The seven days we rode in Scotland will forever go down as a trip of a lifetime. We'll never forget the excitement of finishing a new adventure on a bike each day with people we knew loved being on their bikes as much as we did. Joanne, John, Jordan, Nick and our guide Chris took our trip to the next level and we're blessed to have shared this time with such a fantastic group of humans. Thank you all!
We chose this particular trip based on the bike tour company H&I Adventures. They organize (to put it loosely) trips to the coolest places on the planet that a mountain biker could imagine visiting.
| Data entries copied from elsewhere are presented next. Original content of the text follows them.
lemma xlogx_jensen:
  fixes D x :: "nat \<Rightarrow> real"
  assumes x: "\<forall>k<K. x k \<ge> 0" and D: "\<forall>k<K. D k \<ge> 0" and W: "(\<Sum>k<K. D k) \<le> 1"
  shows "xlogx (\<Sum>k<K. D k * x k) \<le> (\<Sum>k<K. D k * xlogx (x k))"
proof -
  define X where "X = (\<Sum>k<K. D k * x k)"
  have X0: "X \<ge> 0" unfolding X_def using x D by (intro sum_nonneg) auto
  show ?thesis
  proof (cases "X = 0")
    case True
    have "\<forall>k\<in>{..<K}. D k * x k = 0"
      using True unfolding X_def by (subst sum_nonneg_eq_0_iff[symmetric]) (use x D in auto)
    hence "(\<Sum>k<K. D k * xlogx (x k)) = 0" by (intro sum.neutral) (auto simp: xlogx_def)
    thus ?thesis using True unfolding X_def by (simp add: xlogx_def)
  next
    case False
    hence Xp: "X > 0" using X0 by simp
    have "(\<Sum>k<K. D k) * X \<le> 1 * X" using W X0 by (intro mult_right_mono) auto
    hence "X * log 2 X \<le> X * log 2 X + (X - (\<Sum>k<K. D k) * X) / ln 2"
      by (simp add: divide_nonneg_pos)
    also have "\<dots> = (\<Sum>k<K. D k * (x k * log 2 X + (x k - X) / ln 2))"
    proof -
      have pt: "D k * (x k * log 2 X + (x k - X) / ln 2) =
          (D k * x k) * log 2 X + ((D k * x k) - D k * X) / ln 2" for k
        by (simp add: algebra_simps diff_divide_distrib add_divide_distrib)
      show ?thesis
        unfolding pt sum.distrib sum_divide_distrib[symmetric] sum_subtractf
          sum_distrib_right[symmetric]
        by (simp add: X_def)
    qed
    also have "\<dots> \<le> (\<Sum>k<K. D k * xlogx (x k))"
      using xlogx_tangent[OF Xp] x D by (intro sum_mono mult_left_mono) auto
    finally show ?thesis using Xp unfolding xlogx_def X_def by simp
  qed
qed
The whole company is setting the bar of service and professionalism to a standard of bike tours that no one will reach. Heidi and I were amazed at the effort and dedication put forth to making sure everything was going as well as it should. The Bear, our guide, is cut from a rare mold. His skills and knowledge as a guide, mechanic, physicist, and lover of bikes put him in a field of his own. Add the fact that he's genuinely a nice person you quickly realize that the bar he sets is unattainable by many other guides. Besides his daily tasks of guiding a bunch of dirtbags safely through the mud all day, Chris was always going above what I'd expect from a guide. No one in our group was unaffected by one of The Bear's herculean gestures of kindness. "Brain on, shock's open."
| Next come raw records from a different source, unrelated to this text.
(* Let $C>0$ and let $\mu_i$ ($i\in\mathbb{N}$) and $\mu$ be finite Borel measures on $\mathbb{R}$ supported on the compact interval $[0,C]$. Suppose that $\mu_i$ converges weakly to $\mu$ and that there is $\delta>0$ with $\det(\mu_i)\geq\delta$ for all $i$. Then $\lim_{i\to\infty}\mu_i(\{0\}) = \mu(\{0\})$.
   Context: Weak convergence $\mu_i\to\mu$ means $\lim_i\int f\,d\mu_i=\int f\,d\mu$ for every bounded continuous $f\colon\mathbb{R}\to\mathbb{C}$. The Fuglede-Kadison determinant of a finite compactly supported Borel measure $\nu$ on $\mathbb{R}$ is $\det(\nu)=\exp\int_{(0,\infty)}\ln(t)\,d\nu(t)$ (interpreted as $0$ if the integral is $-\infty$). *)

theory Defs
  imports "HOL-Analysis.Analysis"
begin

definition finite_borel_on :: "real \<Rightarrow> real measure \<Rightarrow> bool" where
  "finite_borel_on C M \<longleftrightarrow> sets M = sets borel \<and> finite_measure M \<and>
     emeasure M (UNIV - {0..C}) = 0"

definition weak_conv :: "(nat \<Rightarrow> real measure) \<Rightarrow> real measure \<Rightarrow> bool" where
  "weak_conv Ms M \<longleftrightarrow>
     (\<forall>f :: real \<Rightarrow> complex. continuous_on UNIV f \<and> bounded (range f) \<longrightarrow>
        (\<lambda>i. integral\<^sup>L (Ms i) f) \<longlonglongrightarrow> integral\<^sup>L M f)"

text \<open>Fuglede-Kadison determinant exp (integral over (0,oo) of ln t); for a finite
  compactly supported measure the integral is either finite (ln integrable on (0,oo))
  or equal to -oo, in which case the determinant is 0.\<close>
definition fk_det :: "real measure \<Rightarrow> real" where
  "fk_det M = (if set_integrable M {0<..} ln then exp (LINT t:{0<..}|M. ln t) else 0)"

end

theory Submission
  imports Defs "HOL-Probability.Distribution_Functions" "HOL-Real_Asymp.Real_Asymp"
begin

text \<open>The total masses converge, hence are bounded; together with \<open>det \<mu>\<^sub>i \<ge> \<delta>\<close> this bounds
  the integrals of \<open>ln\<close> over \<open>(0,\<infinity>)\<close> against \<open>\<mu>\<^sub>i\<close> from below, while \<open>ln \<le> ln C\<close> on the support.
  Hence \<open>\<mu>\<^sub>i(0,\<epsilon>] \<le> K / (-ln \<epsilon>)\<close> uniformly in \<open>i\<close>: no mass can creep towards 0 along the
  sequence. Sandwiching the indicator of \<open>{0}\<close> between a continuous cutoff that equals 1 at 0
  and vanishes beyond \<open>\<epsilon>\<close> then transfers weak convergence to the atoms at 0, up to the
  uniformly small masses of \<open>(0,\<epsilon>]\<close>.\<close>

lemma finite_borel_on_imp_finite_borel_measure:
  "finite_borel_on C M \<Longrightarrow> finite_borel_measure M"
  unfolding finite_borel_on_def finite_borel_measure_def finite_borel_measure_axioms_def by simp

lemma finite_borel_on_AE_support:
  assumes "finite_borel_on C M"
  shows "AE x in M. 0 \<le> x \<and> x \<le> C"
proof (rule AE_I')
  interpret finite_borel_measure M
    using assms by (rule finite_borel_on_imp_finite_borel_measure)
  show "UNIV - {0..C} \<in> null_sets M"
    using assms unfolding finite_borel_on_def by (auto intro: null_setsI)
qed auto

lemma (in finite_borel_measure) integrable_indicator_borel:
  "A \<in> sets borel \<Longrightarrow> integrable M (indicator A :: real \<Rightarrow> real)"
  by (intro integrable_real_indicator) (auto simp: emeasure_eq_measure)

lemma (in finite_borel_measure) measure_Ioc_tendsto_at_right:
  "((\<lambda>\<epsilon>. measure M {a<..\<epsilon>}) \<longlongrightarrow> 0) (at_right a)"
proof -
  have "((\<lambda>\<epsilon>. cdf M \<epsilon> - cdf M a) \<longlongrightarrow> cdf M a - cdf M a) (at_right a)"
    using cdf_is_right_cont[of a] unfolding continuous_within by (intro tendsto_intros)
  moreover have "eventually (\<lambda>\<epsilon>. cdf M \<epsilon> - cdf M a = measure M {a<..\<epsilon>}) (at_right a)"
    using eventually_at_right_less[of a] by eventually_elim (rule cdf_diff_eq)
  ultimately show ?thesis by (simp add: tendsto_cong)
qed

lemma weak_conv_real_integral:
  fixes g :: "real \<Rightarrow> real"
  assumes "weak_conv Ms M" and "continuous_on UNIV g" and "\<And>x. \<bar>g x\<bar> \<le> B"
  shows "(\<lambda>i. integral\<^sup>L (Ms i) g) \<longlonglongrightarrow> integral\<^sup>L M g"
proof -
  have "continuous_on UNIV (\<lambda>x. complex_of_real (g x))"
    using assms(2) by (intro continuous_intros)
  moreover have "bounded (range (\<lambda>x. complex_of_real (g x)))"
    unfolding bounded_iff using assms(3) by auto
  ultimately have "(\<lambda>i. integral\<^sup>L (Ms i) (\<lambda>x. complex_of_real (g x)))
      \<longlonglongrightarrow> integral\<^sup>L M (\<lambda>x. complex_of_real (g x))"
    using assms(1) unfolding weak_conv_def by blast
  then show ?thesis
    by (auto dest: tendsto_Re)
qed

lemma weak_conv_total_mass:
  "weak_conv Ms M \<Longrightarrow> (\<lambda>i. measure (Ms i) (space (Ms i))) \<longlonglongrightarrow> measure M (space M)"
  using weak_conv_real_integral[of Ms M "\<lambda>_. 1" 1] by simp

lemma fk_det_ge_imp_ln_integral_ge:
  assumes "fk_det M \<ge> \<delta>" and "\<delta> > 0"
  shows "set_integrable M {0<..} ln" and "ln \<delta> \<le> (LINT t:{0<..}|M. ln t)"
proof -
  show integrable: "set_integrable M {0<..} ln"
    using assms unfolding fk_det_def by (auto split: if_splits)
  have "\<delta> \<le> exp (LINT t:{0<..}|M. ln t)"
    using assms(1) integrable unfolding fk_det_def by simp
  then show "ln \<delta> \<le> (LINT t:{0<..}|M. ln t)"
    using assms(2) by (metis ln_exp ln_le_cancel_iff exp_gt_zero)
qed

text \<open>The integrand \<open>ln\<close> is dominated on \<open>(0,C]\<close> by \<open>ln \<epsilon>\<close> on \<open>(0,\<epsilon>]\<close> plus \<open>max (ln C) 0\<close>.\<close>

lemma fk_det_mass_near_zero:
  assumes M: "finite_borel_on C M" and "fk_det M \<ge> \<delta>" "\<delta> > 0" and "0 < \<epsilon>" "\<epsilon> < 1"
  shows "measure M {0<..\<epsilon>} * - ln \<epsilon> \<le> max (ln C) 0 * measure M UNIV - ln \<delta>"
proof -
  interpret finite_borel_measure M
    using M by (rule finite_borel_on_imp_finite_borel_measure)
  define g where "g t = ln \<epsilon> * indicator {0<..\<epsilon>} t + max (ln C) 0 * indicator {0<..} t" for t :: real
  have "ln \<delta> \<le> (LINT t:{0<..}|M. ln t)"
    using fk_det_ge_imp_ln_integral_ge assms by blast
  also have "\<dots> \<le> integral\<^sup>L M g"
    unfolding set_lebesgue_integral_def
  proof (rule integral_mono_AE)
    show "integrable M (\<lambda>t. indicator {0<..} t *\<^sub>R ln t)"
      using fk_det_ge_imp_ln_integral_ge assms unfolding set_integrable_def by blast
    show "integrable M g"
      using integrable_indicator_borel[of "{0<..\<epsilon>}"] integrable_indicator_borel[of "{0<..}"]
      unfolding g_def by auto
    show "AE t in M. indicator {0<..} t *\<^sub>R ln t \<le> g t"
      using finite_borel_on_AE_support[OF M]
    proof eventually_elim
      case (elim t)
      consider "t \<le> 0" | "0 < t" "t \<le> \<epsilon>" | "\<epsilon> < t" by linarith
      then show ?case
      proof cases
        case 2
        then have "ln t \<le> ln \<epsilon>" "g t = ln \<epsilon> + max (ln C) 0"
          by (simp_all add: g_def)
        then show ?thesis using 2 by (simp del: ln_le_cancel_iff)
      next
        case 3
        then have "ln t \<le> ln C" using elim \<open>0 < \<epsilon>\<close> by simp
        then show ?thesis using 3 \<open>0 < \<epsilon>\<close> by (simp add: g_def)
      qed (simp add: g_def)
    qed
  qed
  also have "integral\<^sup>L M g = ln \<epsilon> * measure M {0<..\<epsilon>} + max (ln C) 0 * measure M {0<..}"
    unfolding g_def by (simp add: integrable_indicator_borel borel_UNIV)
  also have "\<dots> \<le> ln \<epsilon> * measure M {0<..\<epsilon>} + max (ln C) 0 * measure M UNIV"
    by (intro add_left_mono mult_left_mono finite_measure_mono) auto
  finally show ?thesis by (simp add: algebra_simps)
qed

lemma fk_det_uniformly_small_mass_near_zero:
  assumes "\<And>i. finite_borel_on C (Ms i)" and "\<And>i. fk_det (Ms i) \<ge> \<delta>" and "\<delta> > 0"
    and "Bseq (\<lambda>i. measure (Ms i) UNIV)" and "e > 0"
  shows "eventually (\<lambda>\<epsilon>. \<forall>i. measure (Ms i) {0<..\<epsilon>} \<le> e) (at_right 0)"
proof -
  obtain B where "\<forall>i. norm (measure (Ms i) UNIV) \<le> B"
    using assms(4) by (meson BseqE)
  then have mass_bound: "\<And>i. measure (Ms i) UNIV \<le> B"
    by simp
  define K where "K = max (ln C) 0 * B - ln \<delta>"
  have "((\<lambda>\<epsilon>. K / - ln \<epsilon>) \<longlongrightarrow> 0) (at_right (0::real))"
    by real_asymp
  then have "eventually (\<lambda>\<epsilon>. K / - ln \<epsilon> < e) (at_right 0)"
    using \<open>e > 0\<close> by (rule order_tendstoD)
  moreover have "eventually (\<lambda>\<epsilon>. \<epsilon> < 1) (at_right (0::real))"
    by real_asymp
  ultimately show ?thesis
    using eventually_at_right_less[of 0]
  proof eventually_elim
    case (elim \<epsilon>)
    have "measure (Ms i) {0<..\<epsilon>} \<le> K / - ln \<epsilon>" for i
    proof -
      have "measure (Ms i) {0<..\<epsilon>} * - ln \<epsilon> \<le> max (ln C) 0 * measure (Ms i) UNIV - ln \<delta>"
        using fk_det_mass_near_zero assms elim by blast
      also have "\<dots> \<le> K"
        unfolding K_def using mass_bound by (intro diff_right_mono mult_left_mono) auto
      finally show ?thesis
        using elim by (intro pos_le_divide_eq[THEN iffD2]) auto
    qed
    then show ?case using elim by (auto intro: order_trans less_imp_le)
  qed
qed

definition cutoff :: "real \<Rightarrow> real \<Rightarrow> real" where
  "cutoff \<epsilon> x = max 0 (min 1 (1 - x * inverse \<epsilon>))"

lemma continuous_on_cutoff: "continuous_on UNIV (cutoff \<epsilon>)"
  unfolding cutoff_def by (intro continuous_intros)

lemma abs_cutoff_le: "\<bar>cutoff \<epsilon> x\<bar> \<le> 1"
  unfolding cutoff_def by auto

lemma cutoff_integral_approx_atom:
  assumes M: "finite_borel_on C M" and "\<epsilon> > 0"
  shows "\<bar>integral\<^sup>L M (cutoff \<epsilon>) - measure M {0}\<bar> \<le> measure M {0<..\<epsilon>}"
proof -
  interpret finite_borel_measure M
    using M by (rule finite_borel_on_imp_finite_borel_measure)
  have cutoff_integrable: "integrable M (cutoff \<epsilon>)"
    by (rule integrable_const_bound[where B=1])
       (auto simp: abs_cutoff_le measurable_cong_sets[OF M_is_borel refl]
             intro: borel_measurable_continuous_onI continuous_on_cutoff)
  have "AE x in M. indicator {0} x \<le> cutoff \<epsilon> x \<and> cutoff \<epsilon> x \<le> (indicator {0..\<epsilon>} x :: real)"
    using finite_borel_on_AE_support[OF M]
  proof eventually_elim
    case (elim x)
    show ?case
    proof (cases "x \<le> \<epsilon>")
      case False
      then have "1 - x * inverse \<epsilon> < 0" using \<open>\<epsilon> > 0\<close> by (simp add: field_simps)
      then show ?thesis using False \<open>\<epsilon> > 0\<close> by (simp add: cutoff_def indicator_def)
    qed (use elim in \<open>auto simp: cutoff_def indicator_def\<close>)
  qed
  then have "AE x in M. indicator {0} x \<le> cutoff \<epsilon> x" "AE x in M. cutoff \<epsilon> x \<le> (indicator {0..\<epsilon>} x :: real)"
    by (auto elim: eventually_mono)
  then have "measure M {0} \<le> integral\<^sup>L M (cutoff \<epsilon>)" "integral\<^sup>L M (cutoff \<epsilon>) \<le> measure M {0..\<epsilon>}"
    using integral_mono_AE[OF integrable_indicator_borel cutoff_integrable, of "{0}"]
      integral_mono_AE[OF cutoff_integrable integrable_indicator_borel, of "{0..\<epsilon>}"]
    by (simp_all add: borel_UNIV)
  moreover have "measure M {0..\<epsilon>} = measure M {0} + measure M {0<..\<epsilon>}"
    using \<open>\<epsilon> > 0\<close> by (subst finite_measure_Union[symmetric]) (auto intro!: arg_cong[where f="measure M"])
  ultimately show ?thesis by linarith
qed

lemma LIMSEQ_by_uniform_approximation:
  fixes a :: "nat \<Rightarrow> real"
  assumes "\<And>e. e > 0 \<Longrightarrow> \<exists>g G. g \<longlonglongrightarrow> G \<and> (\<forall>i. \<bar>a i - g i\<bar> \<le> e) \<and> \<bar>b - G\<bar> \<le> e"
  shows "a \<longlonglongrightarrow> b"
proof (rule LIMSEQ_I)
  fix r :: real
  assume "r > 0"
  then obtain g G where g: "g \<longlonglongrightarrow> G" "\<And>i. \<bar>a i - g i\<bar> \<le> r / 4" "\<bar>b - G\<bar> \<le> r / 4"
    using assms[of "r / 4"] by auto
  obtain N where N: "\<And>i. i \<ge> N \<Longrightarrow> norm (g i - G) < r / 4"
    using LIMSEQ_D[OF g(1), of "r / 4"] \<open>r > 0\<close> by auto
  then have "norm (a i - b) < r" if "i \<ge> N" for i
    using g(2)[of i] g(3) N[OF that] unfolding real_norm_def abs_le_iff abs_less_iff by linarith
  then show "\<exists>N. \<forall>i\<ge>N. norm (a i - b) < r" by blast
qed

lemma weak_conv_tendsto_measure_0:
  assumes "weak_conv Ms M" and "\<And>i. finite_borel_on C (Ms i)" and "finite_borel_on C M"
    and "\<And>e. e > 0 \<Longrightarrow> eventually (\<lambda>\<epsilon>. \<forall>i. measure (Ms i) {0<..\<epsilon>} \<le> e) (at_right 0)"
  shows "(\<lambda>i. measure (Ms i) {0}) \<longlonglongrightarrow> measure M {0}"
proof (rule LIMSEQ_by_uniform_approximation)
  fix e :: real
  assume "e > 0"
  interpret M: finite_borel_measure M
    using assms(3) by (rule finite_borel_on_imp_finite_borel_measure)
  have "eventually (\<lambda>\<epsilon>. measure M {0<..\<epsilon>} < e) (at_right 0)"
    using M.measure_Ioc_tendsto_at_right \<open>e > 0\<close> by (rule order_tendstoD)
  with assms(4)[OF \<open>e > 0\<close>] eventually_at_right_less[of "0::real"]
  have "eventually (\<lambda>\<epsilon>. (\<forall>i. measure (Ms i) {0<..\<epsilon>} \<le> e) \<and> measure M {0<..\<epsilon>} < e \<and> 0 < \<epsilon>)
      (at_right 0)"
    by eventually_elim blast
  then obtain \<epsilon> where small: "\<And>i. measure (Ms i) {0<..\<epsilon>} \<le> e" "measure M {0<..\<epsilon>} < e" and "0 < \<epsilon>"
    using eventually_happens'[OF trivial_limit_at_right_real] by blast
  show "\<exists>g G. g \<longlonglongrightarrow> G \<and> (\<forall>i. \<bar>measure (Ms i) {0} - g i\<bar> \<le> e) \<and> \<bar>measure M {0} - G\<bar> \<le> e"
  proof (intro exI conjI allI)
    show "(\<lambda>i. integral\<^sup>L (Ms i) (cutoff \<epsilon>)) \<longlonglongrightarrow> integral\<^sup>L M (cutoff \<epsilon>)"
      using assms(1) continuous_on_cutoff abs_cutoff_le by (rule weak_conv_real_integral)
    show "\<bar>measure (Ms i) {0} - integral\<^sup>L (Ms i) (cutoff \<epsilon>)\<bar> \<le> e" for i
      using cutoff_integral_approx_atom[OF assms(2) \<open>0 < \<epsilon>\<close>, of i] small(1)[of i] by linarith
    show "\<bar>measure M {0} - integral\<^sup>L M (cutoff \<epsilon>)\<bar> \<le> e"
      using cutoff_integral_approx_atom[OF assms(3) \<open>0 < \<epsilon>\<close>] small(2) by linarith
  qed
qed

theorem mainTheorem3:
  fixes C \<delta> :: real and \<mu>s :: "nat \<Rightarrow> real measure" and \<mu> :: "real measure"
  assumes "C > 0"
    and "\<And>i. finite_borel_on C (\<mu>s i)"
    and "finite_borel_on C \<mu>"
    and "weak_conv \<mu>s \<mu>"
    and "\<delta> > 0"
    and "\<And>i. fk_det (\<mu>s i) \<ge> \<delta>"
  shows "(\<lambda>i. measure (\<mu>s i) {0}) \<longlonglongrightarrow> measure \<mu> {0}"
proof (rule weak_conv_tendsto_measure_0[OF assms(4) assms(2) assms(3)])
  have "space (\<mu>s i) = UNIV" for i
    using assms(2) by (metis finite_borel_measure.borel_UNIV finite_borel_on_imp_finite_borel_measure)
  then have "Bseq (\<lambda>i. measure (\<mu>s i) UNIV)"
    using convergent_imp_Bseq[OF convergentI[OF weak_conv_total_mass[OF assms(4)]]] by simp
  then show "eventually (\<lambda>\<epsilon>. \<forall>i. measure (\<mu>s i) {0<..\<epsilon>} \<le> e) (at_right 0)" if "e > 0" for e
    using fk_det_uniformly_small_mass_near_zero[where Ms=\<mu>s, OF assms(2,6,5)] that by blast
qed

end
After such an exceptional trip our state of bliss was hard to break out of. Before we knew it we're headed back to the airport with no time to decompress and think about what just happened. It was hard being on cloud 9 and trying to shift gears away from Scotland to think that we're headed to another trip of a lifetime in Iceland. Our blissful state carried us through our flights over the pond but was quickly crushed as we arrived in Reykjavik and our bikes hadn't.